1. 内存分配步骤
go 给对象分配内存的主要流程:
- object size > 32K,则使用 mheap 直接分配。
- object size < 16 byte,使用 mcache 的小对象分配器 tiny 直接分配。 (其实 tiny * 就是一个指针,暂且这么说吧。)
- object size > 16 byte && size <=32K byte 时,先使用 mcache 中对应的 size class 分配。
- 如果 mcache 对应的 size class 的 span 已经没有可用的块,则向 mcentral 请求。
- 如果 mcentral 也没有可用的块,则向 mheap 申请,并切分。
- 如果 mheap 也没有合适的 span,则向操作系统申请。
1.1 关键数据结构
1.1.1 mcache
我们知道每个 Gorontine 的运行都是绑定到一个 P 上面,mcache 是每个 P 的 cache. 这样一个M处理mcache时就不需要加锁(因为同一时刻P只会绑定到一个M下)
mcache 结构如下:
// Per-thread (in Go, per-P) cache for small objects.
// No locking needed because it is per-thread (per-P).
type mcache struct {
// 小对象分配器,小于 16 byte 的小对象都会通过 tiny 来分配。
tiny uintptr
tinyoffset uintptr
local_tinyallocs uintptr // number of tiny allocs not counted in other stats
// The rest is not accessed on every malloc.
alloc [_NumSizeClasses]*mspan // spans to allocate from
stackcache [_NumStackOrders]stackfreelist
.......
}
其中
alloc [_NumSizeClasses]*mspan,这是一个大小为 67 的指针(指针指向 mspan )数组(_NumSizeClasses = 67)),每个数组元素用来包含特定大小的块。当要分配内存大小时,为 object 在 alloc 数组中选择合适的元素来分配。67 种块大小为 0,8 byte, 16 byte, …
var class_to_size = [_NumSizeClasses]uint16{0, 8, 16, 32, 48, 64, 80, 96, 112, 128, 144, 160, 176, 192, 208, 224, 240, 256, 288, 320, 352, 384, 416, 448, 480, 512, 576, 640, 704, 768, 896, 1024, 1152, 1280, 1408, 1536, 1792, 2048, 2304, 2688, 3072, 3200, 3456, 4096, 4864, 5376, 6144, 6528, 6784, 6912, 8192, 9472, 9728, 10240, 10880, 12288, 13568, 14336, 16384, 18432, 19072, 20480, 21760, 24576, 27264, 28672, 32768}
而mspan的结构如下:
type mspan struct {
next *mspan // next span in list, or nil if none
prev *mspan // previous span in list, or nil if none
list *mSpanList // For debugging. TODO: Remove.

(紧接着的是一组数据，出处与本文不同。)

(* Let $b:\mathbb R\to\mathbb R$ be an arbitrary function (bottom topography), and let $x$ be a grid function with $x_s\neq0$ and $x_t+\check x_t\neq0$ at every node, satisfying at every node the modified scheme $$x_{t\check t}-\alpha^2x_{s\bar s}+\Big(\frac{1}{\hat x_s\check x_s}\Big)_{\bar s}-\frac{b_t+\check b_t}{x_t+\check x_t}=0,$$ where $b$ also denotes the grid function $b(x(t,s))$, so that $b_t+\check b_t=\big(b(\hat x)-b(\check x)\big)/\tau$. Then at every node the discrete energy conservation law $$\Big(x_t^2+x_s^{-1}+\hat x_s^{-1}+\alpha^2x_s\hat x_s-\hat b-b\Big)_{\check t}+\Big((x_t^++\check x_t^+)\big((\hat x_s\check x_s)^{-1}-\alpha^2x_s\big)\Big)_{\bar s}=0$$ holds.
   Context: Fix mesh steps $\tau>0$, $h>0$ and a constant $\alpha\in\mathbb R$. A grid function is a real-valued function $f=f(t,s)$ on the uniform orthogonal mesh $\{(n\tau,kh): n,k\in\mathbb Z\}$. Shifts: $\hat f=f(t+\tau,s)$, $\check f=f(t-\tau,s)$, $f^+=f_+=f(t,s+h)$, $f^-=f_-=f(t,s-h)$; a shift applied to a composite expression shifts the whole expression (e.g. $\hat x_s$ is $x_s$ evaluated at $(t+\tau,s)$, $\check x_t$ is $x_t$ evaluated at $(t-\tau,s)$, $x_t^+$ is $x_t$ evaluated at $(t,s+h)$, $\check x_t^+$ is $x_t$ evaluated at $(t-\tau,s+h)$, $\hat b=b(\hat x)$). Differences: $f_t=(\hat f-f)/\tau$, $f_{\check t}=(f-\check f)/\tau$, $f_s=(f_+-f)/h$, $f_{\bar s}=(f-f_-)/h$; iterated differences compose, e.g. $x_{t\check t}=(x_t)_{\check t}=(\hat x-2x+\check x)/\tau^2$ and $x_{s\bar s}=(x_s)_{\bar s}=(x_+-2x+x_-)/h^2$. *)

theory Defs
  imports Main Complex_Main
begin

text \<open>Grid functions on the mesh (n tau, k h), n,k integers, represented as
  functions of the integer indices (n,k).\<close>
type_synonym gridfun = "int \<Rightarrow> int \<Rightarrow> real"

definition dt :: "real \<Rightarrow> gridfun \<Rightarrow> gridfun" where
  "dt \<tau> f = (\<lambda>n k. (f (n+1) k - f n k) / \<tau>)"
definition dtb :: "real \<Rightarrow> gridfun \<Rightarrow> gridfun" where
  "dtb \<tau> f = (\<lambda>n k. (f n k - f (n-1) k) / \<tau>)"
definition ds :: "real \<Rightarrow> gridfun \<Rightarrow> gridfun" where
  "ds h f = (\<lambda>n k. (f n (k+1) - f n k) / h)"
definition dsb :: "real \<Rightarrow> gridfun \<Rightarrow> gridfun" where
  "dsb h f = (\<lambda>n k. (f n k - f n (k-1)) / h)"

end

theory Submission
  imports Defs
begin

text \<open>Multiplying the scheme by x_t + x_t(t-tau) turns every term into a difference:
  (x_t + x_t(t-tau)) (x_t - x_t(t-tau)) is the time difference of x_t^2, the bottom term becomes
  b(x(t+tau)) - b(x(t-tau)), and the two s-differences are handled by summation by parts.
  For the latter, the forward s-shift of x_t + x_t(t-tau) exceeds it by
  h (x_s(t+tau) - x_s(t-tau)) / tau, and (p - q) / (p q) = 1/q - 1/p converts the resulting
  extra term into the time difference of x_s^-1 + x_s(t+tau)^-1. So the left-hand side of the
  conservation law is x_t + x_t(t-tau) times the residual of the scheme.\<close>

definition scheme_residual :: "real \<Rightarrow> real \<Rightarrow> real \<Rightarrow> (real \<Rightarrow> real) \<Rightarrow> gridfun \<Rightarrow> gridfun" where
  "scheme_residual \<tau> h \<alpha> b x = (\<lambda>n k. dtb \<tau> (dt \<tau> x) n k - \<alpha>\<^sup>2 * dsb h (ds h x) n k
     + dsb h (\<lambda>n k. 1 / (ds h x (n+1) k * ds h x (n-1) k)) n k
     - (dt \<tau> (\<lambda>n k. b (x n k)) n k + dt \<tau> (\<lambda>n k. b (x n k)) (n-1) k)
       / (dt \<tau> x n k + dt \<tau> x (n-1) k))"

definition energy_density :: "real \<Rightarrow> real \<Rightarrow> real \<Rightarrow> (real \<Rightarrow> real) \<Rightarrow> gridfun \<Rightarrow> gridfun" where
  "energy_density \<tau> h \<alpha> b x = (\<lambda>n k. (dt \<tau> x n k)\<^sup>2 + 1 / ds h x n k + 1 / ds h x (n+1) k
     + \<alpha>\<^sup>2 * ds h x n k * ds h x (n+1) k - b (x (n+1) k) - b (x n k))"

definition energy_flux :: "real \<Rightarrow> real \<Rightarrow> real \<Rightarrow> gridfun \<Rightarrow> gridfun" where
  "energy_flux \<tau> h \<alpha> x = (\<lambda>n k. (dt \<tau> x n (k+1) + dt \<tau> x (n-1) (k+1))
     * (1 / (ds h x (n+1) k * ds h x (n-1) k) - \<alpha>\<^sup>2 * ds h x n k))"

lemma dt_shift_s:
  assumes "h \<noteq> 0"
  shows "dt \<tau> x n (k+1) = dt \<tau> x n k + h / \<tau> * (ds h x (n+1) k - ds h x n k)"
  using assms by (cases "\<tau> = 0") (simp_all add: dt_def ds_def field_simps)

text \<open>The identity at a single node, with u, v, S, P, Q standing for x_t, x_t(t-tau), x_s,
  x_s(t+tau), x_s(t-tau), primes for the same quantities at s-h, A for the s-shift of u + v
  and Bp, B, Bm for b(x) at t+tau, t, t-tau.\<close>

lemma energy_balance_algebra:
  fixes u v S S' P Q P' Q' A Bp B Bm \<tau> h \<alpha> :: real
  assumes "u + v \<noteq> 0" "\<tau> \<noteq> 0" "h \<noteq> 0" "P \<noteq> 0" "Q \<noteq> 0"
    and "A = (u + v) + h / \<tau> * (P - Q)"
  shows "((u\<^sup>2 + 1/S + 1/P + \<alpha>\<^sup>2*S*P - Bp - B) - (v\<^sup>2 + 1/Q + 1/S + \<alpha>\<^sup>2*Q*S - B - Bm)) / \<tau>
       + (A * (1/(P*Q) - \<alpha>\<^sup>2*S) - (u + v) * (1/(P'*Q') - \<alpha>\<^sup>2*S')) / h
     = (u + v) * ((u - v)/\<tau> - \<alpha>\<^sup>2 * ((S - S')/h) + (1/(P*Q) - 1/(P'*Q'))/h
                  - ((Bp - Bm)/\<tau>) / (u + v))"
proof -
  have "(P - Q) * (1/(P*Q) - \<alpha>\<^sup>2*S) = 1/Q - 1/P - \<alpha>\<^sup>2*S*(P - Q)"
    using assms(4,5) by (simp add: field_simps)
  moreover have "A * G / h = (u + v) * G / h + (P - Q) * G / \<tau>" for G
    using assms(3,6) by (simp add: field_simps)
  ultimately have flux: "A * (1/(P*Q) - \<alpha>\<^sup>2*S) / h
      = (u + v) * (1/(P*Q) - \<alpha>\<^sup>2*S) / h + (1/Q - 1/P - \<alpha>\<^sup>2*S*(P - Q)) / \<tau>"
    by metis
  have bottom: "(u + v) * (X - Y / (u + v)) = (u + v) * X - Y" for X Y
    using assms(1) by (simp add: right_diff_distrib)
  show ?thesis
    unfolding diff_divide_distrib[of "A * _"] flux bottom
    using assms(2,3) by (simp add: field_simps power2_eq_square)
qed

lemma energy_balance_eq_times_scheme_residual:
  assumes "\<tau> \<noteq> 0" "h \<noteq> 0" "ds h x (n+1) k \<noteq> 0" "ds h x (n-1) k \<noteq> 0"
    and "dt \<tau> x n k + dt \<tau> x (n-1) k \<noteq> 0"
  shows "dtb \<tau> (energy_density \<tau> h \<alpha> b x) n k + dsb h (energy_flux \<tau> h \<alpha> x) n k
       = (dt \<tau> x n k + dt \<tau> x (n-1) k) * scheme_residual \<tau> h \<alpha> b x n k"
proof -
  have shift: "dt \<tau> x n (k+1) + dt \<tau> x (n-1) (k+1)
      = (dt \<tau> x n k + dt \<tau> x (n-1) k) + h / \<tau> * (ds h x (n+1) k - ds h x (n-1) k)"
    using dt_shift_s[OF assms(2), of \<tau> x n k] dt_shift_s[OF assms(2), of \<tau> x "n-1" k]
    by (simp add: algebra_simps)
  have bottom: "dt \<tau> (\<lambda>n k. b (x n k)) n k + dt \<tau> (\<lambda>n k. b (x n k)) (n-1) k
      = (b (x (n+1) k) - b (x (n-1) k)) / \<tau>"
    by (simp add: dt_def diff_divide_distrib)
  show ?thesis
    using energy_balance_algebra[OF assms(5,1,2,3,4) shift, of "ds h x n k" \<alpha>
        "b (x (n+1) k)" "b (x n k)" "b (x (n-1) k)" "ds h x (n+1) (k-1)" "ds h x (n-1) (k-1)"
        "ds h x n (k-1)"]
    unfolding energy_density_def energy_flux_def scheme_residual_def bottom
    by (simp add: dtb_def dsb_def dt_def[of \<tau> x])
qed

theorem mainTheorem9:
  fixes \<tau> h \<alpha> :: real and b :: "real \<Rightarrow> real" and x :: gridfun
  assumes "\<tau> > 0" and "h > 0"
    and "\<And>n k. ds h x n k \<noteq> 0"
    and "\<And>n k. dt \<tau> x n k + dt \<tau> x (n-1) k \<noteq> 0"
    and "\<And>n k. dtb \<tau> (dt \<tau> x) n k - \<alpha>^2 * dsb h (ds h x) n k
              + dsb h (\<lambda>n k. 1 / (ds h x (n+1) k * ds h x (n-1) k)) n k
              - (dt \<tau> (\<lambda>n k. b (x n k)) n k + dt \<tau> (\<lambda>n k. b (x n k)) (n-1) k)
                / (dt \<tau> x n k + dt \<tau> x (n-1) k) = 0"
  shows "\<And>n k. dtb \<tau> (\<lambda>n k. (dt \<tau> x n k)^2 + 1 / ds h x n k + 1 / ds h x (n+1) k
                 + \<alpha>^2 * ds h x n k * ds h x (n+1) k - b (x (n+1) k) - b (x n k)) n k
         + dsb h (\<lambda>n k. (dt \<tau> x n (k+1) + dt \<tau> x (n-1) (k+1))
                 * (1 / (ds h x (n+1) k * ds h x (n-1) k) - \<alpha>^2 * ds h x n k)) n k = 0"
proof -
  fix n k
  have "scheme_residual \<tau> h \<alpha> b x n k = 0"
    using assms(5) by (simp add: scheme_residual_def)
  moreover have "\<tau> \<noteq> 0" "h \<noteq> 0"
    using assms(1,2) by simp_all
  ultimately show "?thesis n k"
    using energy_balance_eq_times_scheme_residual[OF _ _ assms(3,3,4), of \<alpha> b]
    by (simp add: energy_density_def energy_flux_def)
qed

end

// 用位图来管理可用的 free object,1 表示可用
allocCache uint64
...
sizeclass uint8 // size class,大小的类别
...
elemsize uintptr // computed from sizeclass or from npages
...
}
1.1.2 mcentral
当 mcache 不够用的时候,会从 mcentral 申请。mcentral存储在mheap当中
type mcentral struct {
lock mutex // 可能多个P竞争,因此要有锁
sizeclass int32 // 也会有67个块大小的类别区分
nonempty mSpanList // list of spans with a free object, ie a nonempty free list
empty mSpanList // list of spans with no free objects (or cached in an mcache)
}
type mSpanList struct {
first *mspan
last *mspan
}
1.1.3 mheap
type mheap struct {
lock mutex
free [_MaxMHeapList]mSpanList // free lists of given length
freelarge mSpanList // free lists length >= _MaxMHeapList
busy [_MaxMHeapList]mSpanList // busy lists of large objects of given length
busylarge mSpanList // busy lists of large objects length >= _MaxMHeapList
sweepgen uint32 // sweep generation, see comment in mspan
sweepdone uint32 // all spans are swept
// allspans is a slice of all mspans ever created. Each mspan
// appears exactly once.
//
// The memory for allspans is manually managed and can be
// reallocated and move as the heap grows.
//
// In general, allspans is protected by mheap_.lock, which
// prevents concurrent access as well as freeing the backing
// store. Accesses during STW might not hold the lock, but
// must ensure that allocation cannot happen around the
// access (since that may free the backing store).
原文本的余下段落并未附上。